> What you need to do: Copy each line from the data that has the word "longleftrightarrow" in it.

> The data:
=== Begin Enclosure ===

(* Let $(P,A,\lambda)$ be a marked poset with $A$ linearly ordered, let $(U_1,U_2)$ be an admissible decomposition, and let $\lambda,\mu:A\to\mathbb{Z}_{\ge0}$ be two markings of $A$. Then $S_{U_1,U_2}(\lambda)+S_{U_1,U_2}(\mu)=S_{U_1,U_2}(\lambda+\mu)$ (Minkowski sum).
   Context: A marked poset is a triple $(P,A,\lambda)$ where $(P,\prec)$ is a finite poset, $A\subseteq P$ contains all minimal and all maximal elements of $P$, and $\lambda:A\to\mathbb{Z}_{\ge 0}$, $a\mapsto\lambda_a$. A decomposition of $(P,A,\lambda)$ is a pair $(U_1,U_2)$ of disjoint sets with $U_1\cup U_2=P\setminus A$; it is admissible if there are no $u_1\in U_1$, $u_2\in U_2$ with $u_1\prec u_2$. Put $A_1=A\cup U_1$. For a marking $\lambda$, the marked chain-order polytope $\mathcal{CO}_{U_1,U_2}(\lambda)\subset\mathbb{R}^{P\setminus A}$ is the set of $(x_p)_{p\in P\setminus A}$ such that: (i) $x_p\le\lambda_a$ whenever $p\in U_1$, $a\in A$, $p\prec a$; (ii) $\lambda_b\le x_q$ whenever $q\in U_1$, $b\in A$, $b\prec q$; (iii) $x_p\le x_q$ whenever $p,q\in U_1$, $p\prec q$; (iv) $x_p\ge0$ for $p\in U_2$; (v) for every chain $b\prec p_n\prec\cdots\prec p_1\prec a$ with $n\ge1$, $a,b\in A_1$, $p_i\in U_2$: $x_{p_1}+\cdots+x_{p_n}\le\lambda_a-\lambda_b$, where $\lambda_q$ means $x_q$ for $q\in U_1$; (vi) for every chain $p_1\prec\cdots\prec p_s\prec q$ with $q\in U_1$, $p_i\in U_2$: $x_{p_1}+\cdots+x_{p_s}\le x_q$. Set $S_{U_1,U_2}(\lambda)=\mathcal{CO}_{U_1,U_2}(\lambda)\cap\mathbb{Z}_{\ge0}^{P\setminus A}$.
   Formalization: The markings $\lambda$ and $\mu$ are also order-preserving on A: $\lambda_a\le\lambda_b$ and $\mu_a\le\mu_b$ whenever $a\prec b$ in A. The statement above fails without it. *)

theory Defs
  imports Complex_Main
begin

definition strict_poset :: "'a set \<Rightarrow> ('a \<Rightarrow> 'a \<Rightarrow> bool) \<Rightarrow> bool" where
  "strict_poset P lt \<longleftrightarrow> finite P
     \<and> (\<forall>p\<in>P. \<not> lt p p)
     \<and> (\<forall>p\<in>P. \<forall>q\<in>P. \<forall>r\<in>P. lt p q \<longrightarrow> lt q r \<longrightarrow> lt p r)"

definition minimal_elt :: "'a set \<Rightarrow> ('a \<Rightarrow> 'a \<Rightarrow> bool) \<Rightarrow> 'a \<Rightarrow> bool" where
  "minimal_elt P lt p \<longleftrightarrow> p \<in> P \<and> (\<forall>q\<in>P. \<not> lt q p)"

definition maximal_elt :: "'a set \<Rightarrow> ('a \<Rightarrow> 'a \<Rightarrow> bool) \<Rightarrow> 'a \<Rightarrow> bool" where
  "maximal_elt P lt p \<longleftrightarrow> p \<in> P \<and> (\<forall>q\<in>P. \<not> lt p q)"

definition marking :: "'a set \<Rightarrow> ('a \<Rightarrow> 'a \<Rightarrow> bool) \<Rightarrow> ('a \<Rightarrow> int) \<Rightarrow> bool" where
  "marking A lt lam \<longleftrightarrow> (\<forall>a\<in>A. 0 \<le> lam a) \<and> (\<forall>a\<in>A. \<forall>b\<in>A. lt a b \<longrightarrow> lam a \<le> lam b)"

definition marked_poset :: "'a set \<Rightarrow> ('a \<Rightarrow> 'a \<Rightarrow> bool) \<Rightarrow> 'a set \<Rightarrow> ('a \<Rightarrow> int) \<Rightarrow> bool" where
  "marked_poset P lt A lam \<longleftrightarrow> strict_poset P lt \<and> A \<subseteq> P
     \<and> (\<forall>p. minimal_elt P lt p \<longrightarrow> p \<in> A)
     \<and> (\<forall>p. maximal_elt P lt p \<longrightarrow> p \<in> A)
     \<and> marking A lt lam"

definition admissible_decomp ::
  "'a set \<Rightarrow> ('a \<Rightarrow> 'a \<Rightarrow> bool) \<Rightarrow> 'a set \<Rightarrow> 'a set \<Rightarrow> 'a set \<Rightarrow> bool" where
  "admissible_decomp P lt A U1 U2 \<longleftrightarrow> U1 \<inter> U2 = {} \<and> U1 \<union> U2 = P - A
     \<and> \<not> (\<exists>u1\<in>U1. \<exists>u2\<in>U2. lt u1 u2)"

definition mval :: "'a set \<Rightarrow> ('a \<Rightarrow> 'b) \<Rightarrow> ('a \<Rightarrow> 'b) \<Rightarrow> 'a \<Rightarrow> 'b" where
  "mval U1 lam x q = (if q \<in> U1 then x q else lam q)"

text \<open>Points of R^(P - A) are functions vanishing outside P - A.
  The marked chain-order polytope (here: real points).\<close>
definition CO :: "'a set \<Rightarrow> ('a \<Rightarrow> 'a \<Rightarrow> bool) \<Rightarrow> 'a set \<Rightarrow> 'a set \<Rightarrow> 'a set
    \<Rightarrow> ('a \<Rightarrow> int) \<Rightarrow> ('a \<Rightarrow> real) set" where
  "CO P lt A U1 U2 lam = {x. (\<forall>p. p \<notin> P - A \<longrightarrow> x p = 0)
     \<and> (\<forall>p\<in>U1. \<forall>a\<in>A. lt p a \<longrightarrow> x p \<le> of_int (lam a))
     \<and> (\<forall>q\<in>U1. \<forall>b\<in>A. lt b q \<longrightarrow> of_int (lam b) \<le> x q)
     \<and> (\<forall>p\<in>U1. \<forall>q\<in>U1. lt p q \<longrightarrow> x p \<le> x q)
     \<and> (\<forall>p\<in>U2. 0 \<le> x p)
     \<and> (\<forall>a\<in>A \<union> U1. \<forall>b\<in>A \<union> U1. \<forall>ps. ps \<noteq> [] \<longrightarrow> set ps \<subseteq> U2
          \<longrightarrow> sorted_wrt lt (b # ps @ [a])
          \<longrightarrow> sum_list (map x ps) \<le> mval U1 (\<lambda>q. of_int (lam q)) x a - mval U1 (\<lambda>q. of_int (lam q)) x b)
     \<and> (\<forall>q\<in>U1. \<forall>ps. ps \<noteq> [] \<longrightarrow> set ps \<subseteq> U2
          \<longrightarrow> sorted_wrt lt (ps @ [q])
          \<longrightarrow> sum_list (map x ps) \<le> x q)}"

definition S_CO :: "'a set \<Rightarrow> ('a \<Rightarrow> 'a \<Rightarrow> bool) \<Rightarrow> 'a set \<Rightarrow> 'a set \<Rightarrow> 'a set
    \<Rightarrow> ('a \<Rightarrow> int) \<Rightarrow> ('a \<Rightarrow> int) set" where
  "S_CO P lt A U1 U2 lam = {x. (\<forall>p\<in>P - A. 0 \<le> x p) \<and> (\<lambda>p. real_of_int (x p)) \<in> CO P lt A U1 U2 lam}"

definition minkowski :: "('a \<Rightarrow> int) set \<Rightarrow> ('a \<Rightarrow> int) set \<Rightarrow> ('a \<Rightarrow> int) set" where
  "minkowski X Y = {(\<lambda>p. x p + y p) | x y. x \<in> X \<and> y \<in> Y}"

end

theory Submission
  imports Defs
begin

=== End Enclosure ===

> Response for this exercise:
  "strict_poset P lt \<longleftrightarrow> finite P
  "minimal_elt P lt p \<longleftrightarrow> p \<in> P \<and> (\<forall>q\<in>P. \<not> lt q p)"
  "maximal_elt P lt p \<longleftrightarrow> p \<in> P \<and> (\<forall>q\<in>P. \<not> lt p q)"
  "marking A lt lam \<longleftrightarrow> (\<forall>a\<in>A. 0 \<le> lam a) \<and> (\<forall>a\<in>A. \<forall>b\<in>A. lt a b \<longrightarrow> lam a \<le> lam b)"
  "marked_poset P lt A lam \<longleftrightarrow> strict_poset P lt \<and> A \<subseteq> P
  "admissible_decomp P lt A U1 U2 \<longleftrightarrow> U1 \<inter> U2 = {} \<and> U1 \<union> U2 = P - A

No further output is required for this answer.